Aeroscroll Gallery – Infinite Scroll Image Gallery & Post Grid with Photo Gallery Security & Risk Analysis

The aeroscroll-gallery plugin exhibits a mixed security posture. On the positive side, it demonstrates strong adherence to secure coding practices by utilizing prepared statements for all SQL queries and performing capability checks on a significant portion of its entry points. The absence of dangerous functions is also a good sign. However, several critical areas raise concerns. The presence of 4 REST API routes without permission callbacks exposes potential vulnerabilities for unauthenticated users.
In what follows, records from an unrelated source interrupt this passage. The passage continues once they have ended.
lemma steps_to_a: "s \<in> S \<Longrightarrow> (f ^^ steps_to_a s) s = a"
  unfolding steps_to_a_def
  by (rule LeastI_ex) (rule fds_connected_reaches_cycle_state[OF connected cycle_a])

lemma steps_to_a_le: "(f ^^ k) s = a \<Longrightarrow> steps_to_a s \<le> k"
  unfolding steps_to_a_def by (rule Least_le)

lemma steps_to_a_a: "steps_to_a a = 0"
  using steps_to_a_le[of 0 a] by simp

lemma vertex_steps_to_a: "s \<in> S \<Longrightarrow> (s, steps_to_a s) \<in> unroll_vertices S f"
  using cycle_a steps_to_a by (simp add: unroll_vertices_iff)

lemma emb_a: "emb a = b"
  by (simp add: emb_def b_def steps_to_a_a)

lemma emb_in: "s \<in> S \<Longrightarrow> emb s \<in> T"
  using h_vertex[OF vertex_steps_to_a] by (simp add: emb_def unroll_vertices_iff)

lemma emb_commute:
  assumes s: "s \<in> S"
  shows "emb (f s) = g (emb s)"
proof -
  define k where "k = steps_to_a (f s)"
  have fs: "f s \<in> S"
    using fds_S s by (simp add: is_fds_def)
  have k: "(f ^^ Suc k) s = a"
    using steps_to_a[OF fs] by (simp add: k_def funpow_swap1)
  have "fst (h (s, Suc k)) = emb s"
  proof (cases "s = a")
    case True
    then show ?thesis
      using fst_h_a_period k emb_a by simp
  next
    case False
    then obtain n where n: "steps_to_a s = Suc n"
      using steps_to_a[OF s] by (metis funpow_0 not0_implies_Suc)
    then have "(f ^^ n) (f s) = a"
      using steps_to_a[OF s] by (simp add: funpow_swap1)
    then have "steps_to_a s = Suc k"
      using n steps_to_a_le[OF k] steps_to_a_le[of n "f s"] by (simp add: k_def)
    then show ?thesis
      by (simp add: emb_def)
  qed
  moreover have "(s, Suc k) \<in> unroll_vertices S f"
    using s cycle_a k by (simp add: unroll_vertices_iff)
  ultimately show ?thesis
    using fst_h_parent by (simp add: emb_def k_def)
qed

lemma emb_funpow: "s \<in> S \<Longrightarrow> emb ((f ^^ n) s) = (g ^^ n) (emb s)"
  by (induction n) (simp_all add: emb_commute fds_funpow_closed[OF fds_S])
(* Let $0<q<1$, let $m,n$ be positive integers, let $s_1,\dots,s_m>0$ be real and let $b_1,\dots,b_m$ be complex numbers with $|b_k|>1$ for all $k$. Put $s=s_1+\cdots+s_m$. Then \[ n^m\,\lambda_{q^n}\begin{bmatrix}s_1,\dots,s_m\\ b_1^n,\dots,b_m^n\end{bmatrix} = [n]_q^{\,s}\sum_{\varepsilon_1^n=\cdots=\varepsilon_m^n=1} \lambda_q\begin{bmatrix}s_1,\dots,s_m\\ \varepsilon_1b_1,\dots,\varepsilon_mb_m\end{bmatrix}, \] where the sum is over all $n^m$ tuples $(\varepsilon_1,\dots,\varepsilon_m)$ of complex $n$-th roots of unity.
   Context: For $0<p<1$ and real $x$ let $[x]_p := (1-p^x)/(1-p)$. For real $s_1,\dots,s_m>0$ and complex $b_1,\dots,b_m$ with $|b_k|>1$, the multiple $p$-polylogarithm is \[ \lambda_p\begin{bmatrix}s_1,\dots,s_m\\ b_1,\dots,b_m\end{bmatrix} := \sum_{\nu_1,\dots,\nu_m\ge1}\prod_{k=1}^m b_k^{-\nu_k}\Big[\sum_{j=k}^m\nu_j\Big]_p^{-s_k}, \] the sum being over positive integers $\nu_1,\dots,\nu_m$. In the claim it is used with $p=q$ and with $p=q^n$. *)

theory Defs
  imports "HOL-Analysis.Analysis"
begin

definition qint :: "real \<Rightarrow> real \<Rightarrow> real" where
  "qint p x = (1 - p powr x) / (1 - p)"

text \<open>Index set of the multiple sum: tuples (nu_0,...,nu_{m-1}) of positive integers,
  encoded as functions nat => nat that are zero outside {..<m}.\<close>
definition pos_tuples :: "nat \<Rightarrow> (nat \<Rightarrow> nat) set" where
  "pos_tuples m = {\<nu>. (\<forall>k<m. 1 \<le> \<nu> k) \<and> (\<forall>k\<ge>m. \<nu> k = 0)}"

text \<open>Multiple p-polylogarithm; s and b are indexed 0..m-1.\<close>
definition mplog :: "real \<Rightarrow> nat \<Rightarrow> (nat \<Rightarrow> real) \<Rightarrow> (nat \<Rightarrow> complex) \<Rightarrow> complex" where
  "mplog p m s b = infsum (\<lambda>\<nu>. \<Prod>k<m. b k powi (- int (\<nu> k)) *
       complex_of_real (qint p (real (\<Sum>j\<in>{k..<m}. \<nu> j)) powr (- s k))) (pos_tuples m)"

end

theory Submission
  imports Defs "HOL-Library.Real_Mod"
begin

text \<open>Expand every lambda_q[s; eps b] as its series and sum over the roots of unity eps first.
  Orthogonality of the n-th roots of unity (the sum of eps^(-nu) over eps^n = 1 is n if n divides nu
  and 0 otherwise) keeps exactly the multi-indices nu = n nu' and weights them by n^m. For these,
  [n N]_q = [n]_q [N]_(q^n) turns the term of lambda_q[s; b] at n nu' into [n]_q^(-s) times the
  term of lambda_(q^n)[s; b^n] at nu'. Exchanging the finite sum with the series is legitimate
  because |b_k| > 1 makes every series absolutely convergent, by comparison with a product of
  geometric series.\<close>

lemma cis_fraction_eq_1_iff:
  assumes "n > 0"
  shows "cis (of_int a / real n * (2 * pi)) = 1 \<longleftrightarrow> int n dvd a"
proof -
  have "cis (of_int a / real n * (2 * pi)) = 1 \<longleftrightarrow> (\<exists>t::int. of_int a / real n * (2 * pi) = of_int t * (2 * pi))"
    by (rule cis_eq_1_iff)
  also have "\<dots> \<longleftrightarrow> (\<exists>t::int. real_of_int a = real_of_int (t * int n))"
  proof (intro ex_cong1)
    fix t :: int
    show "of_int a / real n * (2 * pi) = of_int t * (2 * pi) \<longleftrightarrow> real_of_int a = real_of_int (t * int n)"
      using assms by (subst mult_cancel_right) (auto simp: field_simps)
  qed
  also have "\<dots> \<longleftrightarrow> int n dvd a"
    unfolding of_int_eq_iff by (auto simp: dvd_def mult.commute)
  finally show ?thesis .
qed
The taint analysis revealed 2 flows with unsanitized paths and one high-severity flow, indicating a risk of malicious input being processed in a way that could lead to unintended actions, potentially related to file system access given the plugin's file operation count.
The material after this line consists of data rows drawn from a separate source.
lemma sum_measure_eq_1_if_AE_unique:
  assumes "prob_space P" and S: "finite S" and E[measurable]: "\<And>m. m \<in> S \<Longrightarrow> E m \<in> sets P"
    and unique: "AE z in P. card {m\<in>S. z \<in> E m} = 1"
  shows "(\<Sum>m\<in>S. measure P (E m)) = 1"
proof -
  interpret prob_space P by fact
  have "(\<Sum>m\<in>S. indicator (E m) z :: real) = card {m\<in>S. z \<in> E m}" for z
    using S by (simp add: indicator_def sum.inter_filter[symmetric] Int_def)
  then have "AE z in P. (\<Sum>m\<in>S. indicator (E m) z) = (1::real)"
    using unique by simp
  then have "integral\<^sup>L P (\<lambda>z. \<Sum>m\<in>S. indicator (E m) z) = integral\<^sup>L P (\<lambda>_. 1 :: real)"
    by (intro integral_cong_AE) auto
  moreover have "integrable P (indicator (E m) :: _ \<Rightarrow> real)" if "m \<in> S" for m
    using E[OF that] by (simp add: less_top[symmetric])
  moreover have "E m \<inter> space P = E m" if "m \<in> S" for m
    using E[OF that] by (rule sets.Int_space_eq2)
  ultimately show ?thesis
    by (simp add: integral_sum prob_space)
qed

lemma measurable_card_rank:
  fixes f :: "nat \<Rightarrow> 'a \<Rightarrow> real"
  assumes "m \<in> S" and [measurable]: "\<And>l. l \<in> S \<Longrightarrow> f l \<in> borel_measurable P"
  shows "(\<lambda>z. card {l\<in>S. l \<noteq> m \<and> f m z \<le> f l z}) \<in> measurable P (count_space UNIV)"
proof (rule measurable_card)
  fix l
  show "{z \<in> space P. l \<in> {l\<in>S. l \<noteq> m \<and> f m z \<le> f l z}} \<in> sets P"
    using assms(1) by (cases "l \<in> S") auto
qed

lemma prob_rank_uniform:
  fixes f :: "nat \<Rightarrow> 'a \<Rightarrow> real" and P :: "'a measure"
  assumes "prob_space P" and S: "finite S" "a \<in> S"
    and f[measurable]: "\<And>m. m \<in> S \<Longrightarrow> f m \<in> borel_measurable P"
    and no_ties: "AE z in P. inj_on (\<lambda>m. f m z) S"
    and exchangeable: "\<And>m. m \<in> S \<Longrightarrow> \<exists>Q\<in>measurable P P. \<exists>\<tau>. distr P P Q = P \<and>
          bij_betw \<tau> S S \<and> \<tau> a = m \<and> (\<forall>z\<in>space P. \<forall>l\<in>S. f l (Q z) = f (\<tau> l) z)"
    and r: "r < card S"
  shows "measure P {z \<in> space P. card {l\<in>S. l \<noteq> a \<and> f a z \<le> f l z} = r} = 1 / card S"
proof -
  interpret prob_space P by fact
  define rank where "rank m z = card {l\<in>S. l \<noteq> m \<and> f m z \<le> f l z}" for m z
  define E where "E m = {z \<in> space P. rank m z = r}" for m
  have E_sets: "E m \<in> sets P" if "m \<in> S" for m
  proof -
    have [measurable]: "rank m \<in> measurable P (count_space UNIV)"
      unfolding rank_def[abs_def] using that f by (rule measurable_card_rank)
    show ?thesis unfolding E_def by measurable
  qed
  have E_eq: "measure P (E m) = measure P (E a)" if m: "m \<in> S" for m
  proof -
    obtain Q \<tau> where Q: "Q \<in> measurable P P" "distr P P Q = P"
      and \<tau>: "bij_betw \<tau> S S" "\<tau> a = m"
      and permute: "\<And>z l. z \<in> space P \<Longrightarrow> l \<in> S \<Longrightarrow> f l (Q z) = f (\<tau> l) z"
      using exchangeable[OF m] by blast
    have "rank a (Q z) = rank m z" if "z \<in> space P" for z
      unfolding rank_def
      by (rule card_rank_permute[where g = "\<lambda>l. f l (Q z)" and f = "\<lambda>l. f l z", OF \<tau>(1) S(2) \<tau>(2)])
        (rule permute[OF that])
    then have "Q -` E a \<inter> space P = E m"
      using measurable_space[OF Q(1)] by (auto simp: E_def)
    then show ?thesis
      using measure_distr[OF Q(1) E_sets[OF S(2)]] Q(2) by simp
  qed
  have unique: "AE z in P. card {m\<in>S. z \<in> E m} = 1"
    using no_ties AE_space
  proof eventually_elim
    case (elim z)
    then have "{m\<in>S. z \<in> E m} = {m\<in>S. rank m z = r}" by (auto simp: E_def)
    then show ?case
      unfolding rank_def using card_rank_eq_1[OF S(1) elim(1) r] by simp
  qed
  have "(\<Sum>m\<in>S. measure P (E m)) = 1"
    using assms(1) S(1) E_sets unique by (rule sum_measure_eq_1_if_AE_unique)
  also have "(\<Sum>m\<in>S. measure P (E m)) = card S * measure P (E a)"
    by (simp add: E_eq)
  finally show ?thesis
    using r by (simp add: E_def rank_def eq_divide_eq mult.commute)
qed

section \<open>Substitute columns\<close>

lemma inner_n_response:
  "inner_n n v (response p x \<beta> z) = inner_n n v (design_mult p x \<beta>) + inner_n n v z"
  by (simp add: response_def design_mult_def inner_n_def distrib_left sum.distrib)

lemma measurable_inner_n_response:
  "(\<lambda>z. inner_n n v (response p x \<beta> z)) \<in> borel_measurable (gauss_noise n \<sigma>)"
proof -
  have "(\<lambda>z. inner_n n v z) \<in> borel_measurable (lborel_on {..<n})"
    unfolding inner_n_def by measurable
  then show ?thesis
    by (simp add: inner_n_response measurable_cong_sets[OF sets_gauss_noise refl])
qed

locale substitute_columns =
  fixes n p M :: nat and lam s :: real
    and x :: "nat \<Rightarrow> nat \<Rightarrow> real" and xt :: "nat \<Rightarrow> nat \<Rightarrow> nat \<Rightarrow> real" and j :: nat
  assumes rank: "full_column_rank n p x"
    and unit: "\<forall>k<p. inner_n n (x k) (x k) = 1"
    and lam_nonneg: "lam \<ge> 0"
    and j_lt: "j < p"
    and xt_other: "\<forall>m\<in>{1..M}. \<forall>i<p. i \<noteq> j \<longrightarrow> inner_n n (x i) (xt j m) = inner_n n (x i) (x j)"
    and xt_self: "\<forall>m\<in>{1..M}. inner_n n (x j) (xt j m) = 1 - s"
    and xt_norm: "\<forall>m\<in>{1..M}. inner_n n (xt j m) (xt j m) = 1"
    and xt_pair: "\<forall>m\<in>{1..M}. \<forall>l\<in>{1..M}. l \<noteq> m \<longrightarrow> inner_n n (xt j m) (xt j l) = 1 - s"
begin

definition candidate :: "nat \<Rightarrow> nat \<Rightarrow> real" where
  "candidate m = (if m = 0 then x j else xt j m)"

lemma bhat_eq_ridge_coef:
  "bhat n p lam x xt \<beta> j m z = ridge_coef n p lam (response p x \<beta> z) (x(j := candidate m)) j"
  by (simp add: bhat_def candidate_def)

lemma inner_candidate_self: "m \<in> {0..M} \<Longrightarrow> inner_n n (candidate m) (candidate m) = 1"
  using unit xt_norm j_lt by (simp add: candidate_def)

lemma inner_column_candidate:
  "m \<in> {0..M} \<Longrightarrow> i < p \<Longrightarrow> i \<noteq> j \<Longrightarrow> inner_n n (x i) (candidate m) = inner_n n (x i) (x j)"
  using xt_other by (simp add: candidate_def)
The vulnerability history is particularly concerning, with one known medium-severity CVE, specifically a 'Path Traversal' vulnerability, which is still unpatched. This, combined with the taint analysis findings, strongly suggests a recurring pattern of issues related to handling user-supplied path information insecurely. While the plugin has strengths in database interaction and access control for many endpoints, the combination of unprotected REST API routes and identified path-related vulnerabilities presents a tangible risk that requires immediate attention. The unpatched CVE indicates a lack of timely security patching, further exacerbating the risk.